Читаем Доктор N полностью

Боже, как по-восточному велеречив Чичерин, с подачи, очевидно, Наримана, все с семьями живут в шестиэтажной гостинице Метрополь, где размещается Наркоминдел, у входа матрос, при нём пулемет, охраняют здание латышкие стрелки.

Зима. Нет дров. Холодно. Согреваются у самовара, а случается - и совещаются. Потом переедут в особнячок на Софийской набережной, такая вот частая смена жилья, и на площадке лестничной клетки - все тот же самовар: потолковать за чаепитием.

Новая нота - смесь логики и эмоциональных обвинений, просьб и угроз, придыхания и компрессии, и тенор, и сопрано, ну и, разумеется, контральто и меццо-сопрано: Советское правительство признало независимость Финляндии и Польши, предложило мирные переговоры Эстонии, Латвии и Литве, отказалось от принадлежавших ранее прав, в чем-либо ограничивавших независимость Персии, Китая и Монголии, а за башкирами и киргизами признана широкая, как степь, автономия.

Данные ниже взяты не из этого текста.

(* Let $1\le k\le n$ and let $t$ be an integer with $0\le t\le (k-1)(n-k)$ (the number of $-1$ entries of $F_n^k$). Then there exist an $n\times n$ ASM $A_k$ with exactly $t$ entries equal to $-1$ and $n\times n$ permutation matrices $P_1,\ldots,P_{k-1},P_{k+1},\ldots,P_n$ such that $[P_1,\ldots,P_{k-1},A_k,P_{k+1},\ldots,P_n]$ is an $n\times n\times n$ ASHM.
   Context: An $n\times n$ alternating sign matrix (ASM) is an $n\times n$ matrix with entries in $\{0,1,-1\}$ such that in every row and column the nonzeros alternate in sign, beginning and ending with $+1$. An $n\times n\times n$ hypermatrix $[A_1,\ldots,A_n]$ ($A_s$ the horizontal planes) is an ASHM if all entries are in $\{0,\pm1\}$ and in every line (obtained by fixing two of the three indices) the nonzeros alternate in sign beginning and ending with $+1$. For $1\le k\le n$, $F_n^k=[f_{ij}]$ is the $n\times n$ matrix with $f_{ij}=(-1)^{i+j+k+1}$ if $k+1\le i+j\le 2n+1-k$ and $|i-j|\le k-1$, and $f_{ij}=0$ otherwise; it is an ASM with $(k-1)(n-k)$ entries equal to $-1$. *)

theory Defs
  imports Main
begin

text \<open>Indices are 0-based: an n x n matrix is a function nat => nat => int,
  only entries with indices < n matter. An n x n x n hypermatrix is
  H :: nat => nat => nat => int, where H s is the s-th horizontal plane A_s.\<close>

definition alt_sign_seq :: "int list \<Rightarrow> bool" where
  "alt_sign_seq xs \<longleftrightarrow>
     (let ys = filter (\<lambda>x. x \<noteq> 0) xs in
        ys \<noteq> [] \<and> odd (length ys) \<and> (\<forall>i < length ys. ys ! i = (-1) ^ i))"

definition is_ASM :: "nat \<Rightarrow> (nat \<Rightarrow> nat \<Rightarrow> int) \<Rightarrow> bool" where
  "is_ASM n A \<longleftrightarrow>
     (\<forall>i < n. \<forall>j < n. A i j \<in> {-1, 0, 1}) \<and>
     (\<forall>i < n. alt_sign_seq (map (\<lambda>j. A i j) [0..<n])) \<and>
     (\<forall>j < n. alt_sign_seq (map (\<lambda>i. A i j) [0..<n]))"

definition is_perm_matrix :: "nat \<Rightarrow> (nat \<Rightarrow> nat \<Rightarrow> int) \<Rightarrow> bool" where
  "is_perm_matrix n P \<longleftrightarrow>
     (\<forall>i < n. \<forall>j < n. P i j \<in> {0, 1}) \<and>
     (\<forall>i < n. card {j. j < n \<and> P i j = 1} = 1) \<and>
     (\<forall>j < n. card {i. i < n \<and> P i j = 1} = 1)"

definition is_ASHM :: "nat \<Rightarrow> (nat \<Rightarrow> nat \<Rightarrow> nat \<Rightarrow> int) \<Rightarrow> bool" where
  "is_ASHM n H \<longleftrightarrow>
     (\<forall>s < n. \<forall>i < n. \<forall>j < n. H s i j \<in> {-1, 0, 1}) \<and>
     (\<forall>s < n. \<forall>i < n. alt_sign_seq (map (\<lambda>j. H s i j) [0..<n])) \<and>
     (\<forall>s < n. \<forall>j < n. alt_sign_seq (map (\<lambda>i. H s i j) [0..<n])) \<and>
     (\<forall>i < n. \<forall>j < n. alt_sign_seq (map (\<lambda>s. H s i j) [0..<n]))"

definition num_neg_ones :: "nat \<Rightarrow> (nat \<Rightarrow> nat \<Rightarrow> int) \<Rightarrow> nat" where
  "num_neg_ones n A = card {(i, j). i < n \<and> j < n \<and> A i j = -1}"

end

theory Submission
  imports Defs
begin

text \<open>
  Put a = min (k - 1) (n - k) and write t = w (n - 1 - w) - d with w \<le> a and 2 w + d < n.
  The matrix A_k is F_n^(w+1) with d of its entries -1 removed. Its entries -1 lie on the
  w cyclic diagonals i - j = 1 + 2 y - w (mod n), y < w, and its entries +1 on at most w + 2
  other cyclic diagonals, so the 0-1 circulant matrix M supported on a suitable set of a
  diagonals is a-regular, equal to 1 at every -1 of A_k and to 0 at every +1. Taking L = M if
  a = k - 1 and L = J - A_k - M if a = n - k gives a (k - 1)-regular 0-1 matrix L with these
  properties, and then U = J - A_k - L is an (n - k)-regular 0-1 matrix. By Hall's theorem
  L and U are sums of k - 1 and n - k permutation matrices. Stacking the first below A_k and
  the second above it gives an ASHM: each vertical line reads L_ij ones, then the entry of
  A_k, then U_ij ones, and L_ij + A_ij + U_ij = 1.
\<close>

section \<open>Alternating sign sequences\<close>

lemma alt_sign_seq_iff:
  "alt_sign_seq xs \<longleftrightarrow> (\<exists>m. odd m \<and> filter (\<lambda>x. x \<noteq> 0) xs = map (\<lambda>i. (-1) ^ i) [0..<m])"
proof
  assume "alt_sign_seq xs"
  then show "\<exists>m. odd m \<and> filter (\<lambda>x. x \<noteq> 0) xs = map (\<lambda>i. (-1) ^ i) [0..<m]"
    unfolding alt_sign_seq_def Let_def by (auto intro!: nth_equalityI)
qed (auto simp: alt_sign_seq_def odd_pos)

lemma sum_list_alternating: "sum_list (map (\<lambda>i. (-1::int) ^ i) [0..<m]) = of_bool (odd m)"
  by (induction m) auto

lemma sum_list_filter_nonzero: "sum_list (filter (\<lambda>x. x \<noteq> 0) xs) = sum_list (xs :: int list)"
  by (induction xs) auto

lemma alt_sign_seq_sum_list: "alt_sign_seq xs \<Longrightarrow> sum_list xs = 1"
proof -
  assume "alt_sign_seq xs"
  then obtain m where "odd m" "filter (\<lambda>x. x \<noteq> 0) xs = map (\<lambda>i. (-1) ^ i) [0..<m]"
    unfolding alt_sign_seq_iff by blast
  then show "sum_list xs = 1"
    using sum_list_filter_nonzero[of xs] sum_list_alternating[of m] by simp
qed

lemma filter_nonzero_01:
  "set xs \<subseteq> {0, 1::int} \<Longrightarrow> filter (\<lambda>x. x \<noteq> 0) xs = replicate (nat (sum_list xs)) 1"
proof (induction xs)
  case (Cons x xs)
  moreover have "sum_list xs \<ge> 0" using Cons.prems by (intro sum_list_nonneg) auto
  ultimately show ?case by (auto simp: nat_add_distrib)
qed simp

lemma alt_sign_seq_stack:
  fixes xs ys :: "int list"
  assumes "set xs \<subseteq> {0, 1}" "set ys \<subseteq> {0, 1}" "sum_list xs \<le> 1" "sum_list ys \<le> 1"
    and "x + sum_list xs + sum_list ys = 1"
  shows "alt_sign_seq (xs @ x # ys)"
proof -
  note filters = filter_nonzero_01[OF assms(1)] filter_nonzero_01[OF assms(2)]
  have "sum_list xs \<ge> 0" "sum_list ys \<ge> 0" using assms(1,2) by (auto intro!: sum_list_nonneg)
  then consider "sum_list xs = 0" "sum_list ys = 0" "x = 1" | "sum_list xs = 1" "sum_list ys = 0" "x = 0"
    | "sum_list xs = 0" "sum_list ys = 1" "x = 0" | "sum_list xs = 1" "sum_list ys = 1" "x = -1"
    using assms(3-5) by linarith
  then have "\<exists>m. odd m \<and> filter (\<lambda>x. x \<noteq> 0) (xs @ x # ys) = map (\<lambda>i. (-1) ^ i) [0..<m]"
  proof cases
    case 4
    then show ?thesis using filters by (intro exI[of _ 3]) (simp add: numeral_3_eq_3)
  qed (use filters in \<open>auto intro!: exI[of _ 1]\<close>)
  then show ?thesis unfolding alt_sign_seq_iff .
qed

Да-с, арсенал выспренности, питавший и питающий высокий стиль и здесь, и там за хребтом, и далеко-далеко, вдобавок отменный каллиграфический почерк на тюркском, объявленным государственным в пределах Азербайджана, это естественно, на русском тоже, если учесть лингво-этническую пестроту Баку; впрочем, это из парламентских размышлений, немало и собственных тюрок в государственных учреждениях, не знающих родной язык в должной степени, но зато великолепно усвоивших русский и иные европейские, и столь замысловат их стиль, что кажется шифрограммой. Слова громоздятся, только что был холм, а уже высится гора, и каждое слово норовит, чтоб услышали именно его, будто осталось какое невыговоренное (и не опошленное).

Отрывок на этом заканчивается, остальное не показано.